> Task item
Show me each line of the listing below where the word "noteq" appears.

== Segment start ==

lemma cop_turn_upper:
  assumes valid: "valid_state N V s" and nc: "\<not> is_capture N s" and cop: "snd s < N"
    and v: "v \<in> cnbhd E (tpos (fst s) (snd s))"
    and greedy: "snd s \<noteq> m \<longrightarrow> v = greedy_escape (snd s) s"
    and m: "m \<in> {1..N}" and g: "0 \<le> g" "g \<le> 1"
  shows "(is_capture N (move N s v) \<longrightarrow> g * reward N 0 m (fst (move N s v)) \<le> greedy_value g m s)
       \<and> (\<not> is_capture N (move N s v) \<longrightarrow> g * greedy_value g m (move N s v) \<le> greedy_value g m s)"
proof -
  consider (far) "\<not> adjacent s (snd s)"
    | (free) "adjacent s (snd s)" "snd s = m"
    | (chasing) "adjacent s (snd s)" "snd s \<noteq> m" by blast
  then show ?thesis
  proof cases
    case far
    then show ?thesis using nonadjacent_cop_move[OF valid nc cop far v] by simp
  next
    case free
    then have "m \<noteq> N" "greedy_value g m s = g * 1"
      using cop greedy_value_adjacent_mover[OF cop] by (auto simp: solo_capture_reward_def)
    moreover have "g * reward N 0 m (fst (move N s v)) \<le> g * 1"
      using reward_cop_bounds \<open>m \<noteq> N\<close> g by (intro mult_left_mono) auto
    moreover have "g * greedy_value g m (move N s v) \<le> g * 1"
      using greedy_value_cop_bounds \<open>m \<noteq> N\<close> g by (intro mult_left_mono) auto
    ultimately show ?thesis by simp
  next
    case chasing
    then have "v = tpos (fst s) N"
      using greedy cop by (simp add: greedy_escape_def)
    then show ?thesis
      using capture_by_moving_onto_robber[OF valid nc cop] m
        greedy_value_adjacent_mover[OF cop chasing(1)] by simp
  qed
qed

lemma cop_turn_lower:
  assumes valid: "valid_state N V s" and nc: "\<not> is_capture N s" and cop: "snd s < N"
    and v: "v \<in> cnbhd E (tpos (fst s) (snd s))"
    and greedy: "snd s = m \<longrightarrow> v = greedy_escape (snd s) s"
    and m: "m \<in> {1..N}" and g: "0 \<le> g" "g \<le> 1"
  shows "(is_capture N (move N s v) \<longrightarrow> greedy_value g m s \<le> g * reward N 0 m (fst (move N s v)))
       \<and> (\<not> is_capture N (move N s v) \<longrightarrow> greedy_value g m s \<le> g * greedy_value g m (move N s v))"
proof -
  consider (far) "\<not> adjacent s (snd s)"
    | (chasing) "adjacent s (snd s)" "snd s = m"
    | (free) "adjacent s (snd s)" "snd s \<noteq> m" by blast
  then show ?thesis
  proof cases
    case far
    then show ?thesis using nonadjacent_cop_move[OF valid nc cop far v] by simp
  next
    case chasing
    then have "v = tpos (fst s) N"
      using greedy cop by (simp add: greedy_escape_def)
    then show ?thesis
      using capture_by_moving_onto_robber[OF valid nc cop] m
        greedy_value_adjacent_mover[OF cop chasing(1)] by simp
  next
    case free
    then have loser: "greedy_value g m s = g * (if m = N then -1 else 0)"
      using greedy_value_adjacent_mover[OF cop] by (simp add: solo_capture_reward_def)
    show ?thesis
    proof (cases "m = N")
      case True
      have "g * -1 \<le> g * greedy_value g m (move N s v)"
        using greedy_value_robber_bounds g True by (intro mult_left_mono) auto
      then show ?thesis using loser True by (simp add: reward_def)
    next
      case False
      have "0 \<le> g * reward N 0 m (fst (move N s v))"
        using g(1) reward_cop_bounds(1)[OF False] by (rule mult_nonneg_nonneg)
      moreover have "0 \<le> g * greedy_value g m (move N s v)"
        using g(1) greedy_value_cop_bounds[OF False g] by simp
      ultimately show ?thesis using loser False by simp
    qed
  qed
qed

== Segment end ==

> Worked solution
    and greedy: "snd s \<noteq> m \<longrightarrow> v = greedy_escape (snd s) s"
    | (chasing) "adjacent s (snd s)" "snd s \<noteq> m" by blast
    then have "m \<noteq> N" "greedy_value g m s = g * 1"
      using reward_cop_bounds \<open>m \<noteq> N\<close> g by (intro mult_left_mono) auto
      using greedy_value_cop_bounds \<open>m \<noteq> N\<close> g by (intro mult_left_mono) auto
    | (free) "adjacent s (snd s)" "snd s \<noteq> m" by blast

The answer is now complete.